NOTE 9. INCOME TAXES
We have not made provision for income taxes for the years ended December 31, 2017 or 2016, since we have net operating loss carryforwards to offset current taxable income.
On December 22, 2017, the Tax Reform Act was signed into law. The legislation significantly changes U.S. tax law by, among other things, lowering the U.S. corporate income tax rate from a maximum of 35% to a flat 21% rate, effective January 1, 2018. As a result of the decrease in the corporate income tax rate, we revalued our ending net deferred tax assets at December 31, 2017, but did not recognize any incremental income tax expense in 2017 due to the revaluation of the valuation allowance.
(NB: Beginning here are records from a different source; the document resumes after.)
lemma mult_mat_comb:
  assumes M: "M \<in> carrier_mat (d+1) (d+1)"
  shows "M *\<^sub>v comb z = vec (d+1) (\<lambda>k. \<Sum>i\<le>d. z i * (M *\<^sub>v v i) $ k)"
proof (rule eq_vecI)
  fix k assume "k < dim_vec (vec (d+1) (\<lambda>k. \<Sum>i\<le>d. z i * (M *\<^sub>v v i) $ k))"
  then have k: "k < d+1" by simp
  have "(M *\<^sub>v comb z) $ k = (\<Sum>l<d+1. \<Sum>i\<le>d. z i * (M $$ (k,l) * v i $ l))"
    using k by (subst index_mult_mat_vec_sum[OF M comb_carrier k]) (simp add: sum_distrib_left mult_ac)
  also have "\<dots> = (\<Sum>i\<le>d. \<Sum>l<d+1. z i * (M $$ (k,l) * v i $ l))"
    by (rule sum.swap)
  also have "\<dots> = (\<Sum>i\<le>d. z i * (M *\<^sub>v v i) $ k)"
    using k by (intro sum.cong refl) (simp add: index_mult_mat_vec_sum[OF M v_carrier k] sum_distrib_left distrib_left)
  finally show "(M *\<^sub>v comb z) $ k = vec (d+1) (\<lambda>k. \<Sum>i\<le>d. z i * (M *\<^sub>v v i) $ k) $ k"
    using k by simp
qed (use M in simp)

lemma mult_mat_comb_sum:
  assumes M: "M \<in> carrier_mat (d+1) (d+1)"
  shows "M *\<^sub>v comb (\<lambda>i. \<Sum>j\<in>S. a j * f j i) = vec (d+1) (\<lambda>k. \<Sum>j\<in>S. a j * (M *\<^sub>v comb (f j)) $ k)"
proof (rule eq_vecI)
  fix k assume "k < dim_vec (vec (d+1) (\<lambda>k. \<Sum>j\<in>S. a j * (M *\<^sub>v comb (f j)) $ k))"
  then have k: "k < d+1" by simp
  have "(M *\<^sub>v comb (\<lambda>i. \<Sum>j\<in>S. a j * f j i)) $ k = (\<Sum>i\<le>d. \<Sum>j\<in>S. a j * (f j i * (M *\<^sub>v v i) $ k))"
    unfolding mult_mat_comb[OF M] using k by (simp add: sum_distrib_left mult_ac)
  also have "\<dots> = (\<Sum>j\<in>S. \<Sum>i\<le>d. a j * (f j i * (M *\<^sub>v v i) $ k))"
    by (rule sum.swap)
  also have "\<dots> = (\<Sum>j\<in>S. a j * (M *\<^sub>v comb (f j)) $ k)"
    unfolding mult_mat_comb[OF M] using k by (simp add: sum_distrib_left)
  finally show "(M *\<^sub>v comb (\<lambda>i. \<Sum>j\<in>S. a j * f j i)) $ k = vec (d+1) (\<lambda>k. \<Sum>j\<in>S. a j * (M *\<^sub>v comb (f j)) $ k) $ k"
    using k by simp
qed (use M in simp)

lemma Es_v: assumes "i \<le> d" "l \<le> d" shows "Es l *\<^sub>v v i = (if l = i then v i else 0\<^sub>v (d+1))"
proof -
  obtain w where w: "w \<in> carrier_vec (d+1)" "v i = Es i *\<^sub>v w" using v_range[OF assms(1)] by blast
  have "Es l *\<^sub>v v i = (Es l * Es i) *\<^sub>v w"
    unfolding w(2) using assoc_mult_mat_vec[OF Es_carrier[OF assms(2)] Es_carrier[OF assms(1)] w(1)] by simp
  then show ?thesis using Es_mult[OF assms(2,1)] w by auto
qed

lemma Es_comb:
  assumes l: "l \<le> d"
  shows "Es l *\<^sub>v comb z = z l \<cdot>\<^sub>v v l"
proof (rule eq_vecI)
  fix k assume "k < dim_vec (z l \<cdot>\<^sub>v v l)"
  then have k: "k < d+1" using v_carrier[OF l] by simp
  have "(\<Sum>i\<le>d. z i * (Es l *\<^sub>v v i) $ k) = (\<Sum>i\<le>d. if i = l then z l * v l $ k else 0)"
    using k l by (intro sum.cong refl) (simp add: Es_v)
  then show "(Es l *\<^sub>v comb z) $ k = (z l \<cdot>\<^sub>v v l) $ k"
    unfolding mult_mat_comb[OF Es_carrier[OF l]] using k l v_carrier[OF l] by simp
qed (use v_carrier[OF l] Es_carrier[OF l] in simp)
On December 22, 2017, the SEC staff issued Staff Accounting Bulletin No. 118 (“SAB 118”) to address the application of U.S. GAAP in situations when a registrant does not have the necessary information available, prepared, or analyzed (including computations) in reasonable detail to complete the accounting for certain income tax effects of the Tax Reform Act. We have provisionally recognized the incremental tax impacts related to the revaluation of deferred tax assets and liabilities and our reassessment of uncertain tax positions and valuation allowances and included these amounts in our Consolidated Financial Statements for the year ended December 31, 2017. The ultimate impact may differ from these provisional amounts, possibly materially, due to, among other things, additional technical analysis including changes in interpretations and assumptions we have made with respect to the Tax Act. The accounting is expected to be complete by the fourth quarter of 2018.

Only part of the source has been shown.